The network is trained in TensorFlow on the MovieLens dataset containing 6,040 users and 3,706 movies. The NCF recommender system is based off of the Neural Collaborative Filtering paper.
Each query to the network consists of a userID
and list of MovieIDs
. The network predicts the highest-rated movie for each user. As trained parameters, the network has embeddings for users and movies, and weights for a sequence of MLPs.
Specifically, this sample:
The network is converted from Tensorflow using the UFF converter (see Converting A Frozen Graph To UFF), and imported using the UFF parser. Constant layers are used to represent the trained parameters within the network, and the MLPs are implemented using MatrixMultiply layers. A TopK operation is added manually after parsing to find the highest rated movie for the given user.
The sample fills the input buffer with userIDs
and their corresponding lists of MovieIDs
, which are loaded from movielens_ratings.txt
. Then, it launches the inference to predict the rating probabilities for the movies using TensorRT. The inference will be launched on multiple processes. When MPS is enabled, the processes will share one single CUDA context to reduce context overhead. See Multi-Process Service Introduction for more details about MPS.
Finally, the sample compares the outputs predicted by TensorRT with the expected outputs which are given by movielens_ratings.txt
. For each user, the MovieID
with the highest probability should match the expected highest-rated MovieID
. In the verbose mode, the sample also prints out the probability, which should be close to the expected probability.
In this sample, the following layers are used.
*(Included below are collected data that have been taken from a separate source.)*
lemma proj_unique:
  assumes K: "closed_convex_in m K"
    and x: "x \<in> K" "\<forall>z\<in>K. sqdist m y x \<le> sqdist m y z"
    and x': "x' \<in> K" "\<forall>z\<in>K. sqdist m y x' \<le> sqdist m y z"
  shows "x' = x"
proof -
  have "(\<lambda>i. (1 - 1/2) * x i + 1/2 * x' i) \<in> K"
    using closed_convex_in_convex[OF K x(1) x'(1), of "1/2"] by simp
  then have "sqdist m y x \<le> sqdist m y (\<lambda>i. (1 - 1/2) * x i + 1/2 * x' i)" using x by blast
  moreover have "sqdist m y x = sqdist m y x'" using x x' by (meson order_antisym)
  ultimately have "sqdist m x x' \<le> 0" using sqdist_parallelogram[of m x x' y] by linarith
  then have "\<forall>i\<in>{..<m}. (x i - x' i)^2 = 0"
    using sum_nonneg_eq_0_iff[of "{..<m}" "\<lambda>i. (x i - x' i)^2"] sqdist_nonneg[of m x x']
    unfolding sqdist_def by auto
  then show ?thesis
    using closed_convex_in_vec_space[OF K x(1)] closed_convex_in_vec_space[OF K x'(1)]
    by (metis ext lessThan_iff linorder_not_le power_eq_0_iff right_minus_eq)
qed

lemma proj_in_and_minimal:
  assumes K: "closed_convex_in m K"
  shows "proj m K y \<in> K \<and> (\<forall>z\<in>K. sqdist m y (proj m K y) \<le> sqdist m y z)"
proof -
  have "\<exists>!x. x \<in> K \<and> (\<forall>z\<in>K. sqdist m y x \<le> sqdist m y z)"
    using proj_exists[OF K] proj_unique[OF K] by blast
  then show ?thesis unfolding proj_def by (rule theI')
qed
lemma quasi_iso_kernel_acyclic:
  assumes cV: "cochain_complex sV V dV" and cW: "cochain_complex sW W dW"
    and f: "quasi_iso sV V dV sW W dW f" and g: "cochain_map sW W dW sV V dV g"
    and fg: "\<forall>n. \<forall>y\<in>W n. f n (g n y) = y"
  shows "kernel_acyclic V dV f n"
  unfolding kernel_acyclic_def
proof (intro ballI impI)
  let ?m = "n - 1"
  have f_map: "cochain_map sV V dV sW W dW f" using f unfolding quasi_iso_def by blast
  fix z assume z: "z \<in> V n" and fz: "f n z = 0" and dz: "dV n z = 0"
  have "f n z \<in> dW ?m ` W ?m"
    using fz cochain_complex_zero_mem[OF cW] cochain_complex_d_zero[OF cW] by (metis image_eqI)
  then obtain w where w: "w \<in> V ?m" and zw: "z = dV ?m w"
    using f z dz unfolding quasi_iso_def cohom_iso_def by blast
  have fw: "f ?m w \<in> W ?m" using cochain_map_mem[OF f_map w] .
  have gfw: "g ?m (f ?m w) \<in> V ?m" using cochain_map_mem[OF g fw] .
  \<comment> \<open>Subtracting \<open>g (f w)\<close>, a cocycle because \<open>f z = 0\<close>, moves the primitive into \<open>ker f\<close>.\<close>
  define w' where "w' = w - g ?m (f ?m w)"
  have w': "w' \<in> V ?m" unfolding w'_def using cochain_complex_diff_mem[OF cV w gfw] .
  have "f ?m w' = 0"
    unfolding w'_def using cochain_map_diff[OF cV f_map w gfw] fg fw by simp
  moreover have "dV ?m (g ?m (f ?m w)) = 0"
  proof -
    have "dV ?m (g ?m (f ?m w)) = g n (dW ?m (f ?m w))"
      using cochain_map_commute[OF g fw] by simp
    also have "\<dots> = g n (f n z)" using cochain_map_commute[OF f_map w] zw by simp
    finally show ?thesis using fz cochain_map_zero[OF cW g] by simp
  qed
  then have "dV ?m w' = z" unfolding w'_def using cochain_complex_d_diff[OF cV w gfw] zw by simp
  ultimately show "\<exists>w\<in>V ?m. f ?m w = 0 \<and> dV ?m w = z" using w' by blast
qed
theorem lemma3p3:
  shows "\<exists>g :: nat \<Rightarrow> real. g \<longlonglongrightarrow> 0 \<and>
    (\<forall>n :: nat. \<forall>(\<delta>::real) (\<eta>::real) (F :: nat set set).
       0 \<le> \<delta> \<and> \<delta> \<le> 1 \<and> \<eta> > 0 \<and> F \<subseteq> edges_K n \<and>
       real (card F) > (1 - \<delta>) * real n ^ 2 / 4 \<and>
       (\<forall>P. is_cut n P \<longrightarrow> real (card (F - P)) > \<eta> * real n ^ 2)
       \<longrightarrow> real (tau n F) > (\<eta> - 3 * \<delta> - g n) * real n ^ 3 / 12)"
proof (intro exI[of _ "\<lambda>_. 0"] conjI allI impI)
  fix n :: nat and \<delta> \<eta> :: real and F :: "nat set set"
  assume "0 \<le> \<delta> \<and> \<delta> \<le> 1 \<and> \<eta> > 0 \<and> F \<subseteq> edges_K n \<and>
       real (card F) > (1 - \<delta>) * real n ^ 2 / 4 \<and>
       (\<forall>P. is_cut n P \<longrightarrow> real (card (F - P)) > \<eta> * real n ^ 2)"
  then have "0 \<le> \<delta>" "0 < \<eta>" and F: "F \<subseteq> edges_K n"
    and dense: "(1 - \<delta>) * real n ^ 2 < 4 * real (card F)"
    and cuts: "\<And>W. W \<subseteq> {1..n} \<Longrightarrow> \<eta> * real n ^ 2 < real (card (F - cut_K n W))"
    by (auto simp: is_cut_def)
  have "0 < n"
  proof (rule ccontr)
    assume "\<not> 0 < n"
    then have "n = 0" by simp
    moreover from this have "F = {}" using F by (auto simp: edges_K_def)
    ultimately show False using cuts[of "{}"] by simp
  qed
  have "2 * \<eta> * real n ^ 4 + 2 * real (card F) * (4 * real (card F) - real n ^ 2)
      < 12 * real n * real (tau n F)"
    using F \<open>0 < n\<close> by (rule triangle_bound_from_neighbourhood_cuts) (auto intro: cuts simp: neighbourhood_def)
  moreover have "- \<delta> * real n ^ 4 / 2 \<le> 2 * real (card F) * (4 * real (card F) - real n ^ 2)"
    using dense \<open>0 \<le> \<delta>\<close> by (intro dense_edge_count_quadratic_bound) auto
  moreover have "0 \<le> \<eta> * real n ^ 4" "0 \<le> \<delta> * real n ^ 4"
    using \<open>0 < \<eta>\<close> \<open>0 \<le> \<delta>\<close> by simp_all
  ultimately have "(\<eta> - 3 * \<delta>) * real n ^ 4 < 12 * real n * real (tau n F)"
    by (simp add: left_diff_distrib)
  then have "real n * ((\<eta> - 3 * \<delta>) * real n ^ 3) < real n * (12 * real (tau n F))"
    by (simp add: power3_eq_cube power4_eq_xxxx ac_simps)
  then show "(\<eta> - 3 * \<delta> - 0) * real n ^ 3 / 12 < real (tau n F)"
    using \<open>0 < n\<close> by simp
qed simp

end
For more information about these layers, see the TensorRT Developer Guide: Layers documentation.
Activation layer The Activation layer implements element-wise activation functions.
MatrixMultiply layer The MatrixMultiply layer implements matrix multiplication for a collection of matrices.
Scale layer The Scale layer implements a per-tensor, per-channel, or per-element affine transformation and/or exponentiation by constant values.
Shuffle layer The Shuffle layer implements a reshape and transpose operator for tensors.
TopK layer The TopK layer finds the top K
maximum (or minimum) elements along a dimension, returning a reduced tensor and a tensor of index positions.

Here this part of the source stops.